Supplied records below:
(* For the reduction instance $NTP([a_j]_{j\in A},W)$, the optimal value satisfies $B(S^* )=W$ if and only if there exists $A^*\subseteq A$ with $\sum_{j\in A^*}a_j=W$.
   Context: Reduction instance. Let $N\ge1$, $A=\{1,\dots,N\}$, positive integers $a_1,\dots,a_N$, positive integer $W\le\sum_{j\in A}a_j$. Set $M=N+\sum_{j\in A}a_j+1$, employees $\mathcal E=\{1,\dots,M\}$ (smaller index = more senior). For $k\in A$: $i_k=k+\sum_{j=1}^{k-1}a_j$ (critical employees), $\mathcal E^S_k=\{i: i_k<i\le i_k+a_k\}$ (stable block). Response delays: $r_{i_k}=\sum_{j=1}^{k}a_j$; for $i\in\mathcal E^S_k$, $r_i=\sum_{j=1}^{k-1}a_j$; $r_M=\sum_{j\in A}a_j$. Let $C^*_0=2\sum_j a_j$ and $H=C^*_0-W$. A schedule $S=(s_i,e_i)_{i\in\mathcal E}$ has $s_i\ge0$, $e_i=s_i+r_i$; it is feasible if $s_1\le\dots\le s_M$ and $e_i\le H$ for all $i$. $b_i=|\{j: i<j,\ e_j<e_i\}|$, $B(S)=\sum_i b_i$. $S^*$ denotes an optimal schedule, i.e. a feasible schedule minimizing $B(S)$. *)

theory Defs
  imports Complex_Main
begin

text \<open>Reduction instance NTP([a_j]_{j in A}, W), A = {1..N}.
  Employees are 1..M; a schedule is given by the start times s :: nat => real
  (only values on 1..M matter); e_i = s_i + r_i.\<close>

definition total :: "(nat \<Rightarrow> nat) \<Rightarrow> nat \<Rightarrow> nat" where
  "total a N = (\<Sum>j=1..N. a j)"

definition Memp :: "(nat \<Rightarrow> nat) \<Rightarrow> nat \<Rightarrow> nat" where
  "Memp a N = N + total a N + 1"

definition crit :: "(nat \<Rightarrow> nat) \<Rightarrow> nat \<Rightarrow> nat" where
  "crit a k = k + (\<Sum>j=1..<k. a j)"

definition stable :: "(nat \<Rightarrow> nat) \<Rightarrow> nat \<Rightarrow> nat set" where
  "stable a k = {i. crit a k < i \<and> i \<le> crit a k + a k}"

definition resp :: "(nat \<Rightarrow> nat) \<Rightarrow> nat \<Rightarrow> nat \<Rightarrow> real" where
  "resp a N i =
    (if i = Memp a N then real (total a N)
     else if (\<exists>k\<in>{1..N}. i = crit a k)
       then real (\<Sum>j=1..(THE k. k \<in> {1..N} \<and> i = crit a k). a j)
     else if (\<exists>k\<in>{1..N}. i \<in> stable a k)
       then real (\<Sum>j=1..<(THE k. k \<in> {1..N} \<and> i \<in> stable a k). a j)
     else 0)"

definition Hbound :: "(nat \<Rightarrow> nat) \<Rightarrow> nat \<Rightarrow> nat \<Rightarrow> real" where
  "Hbound a N W = real (2 * total a N) - real W"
End of Supplied records.
*Requirement:*
Report only how many lines in the entries above contain the string "total".

*Answer box:*
5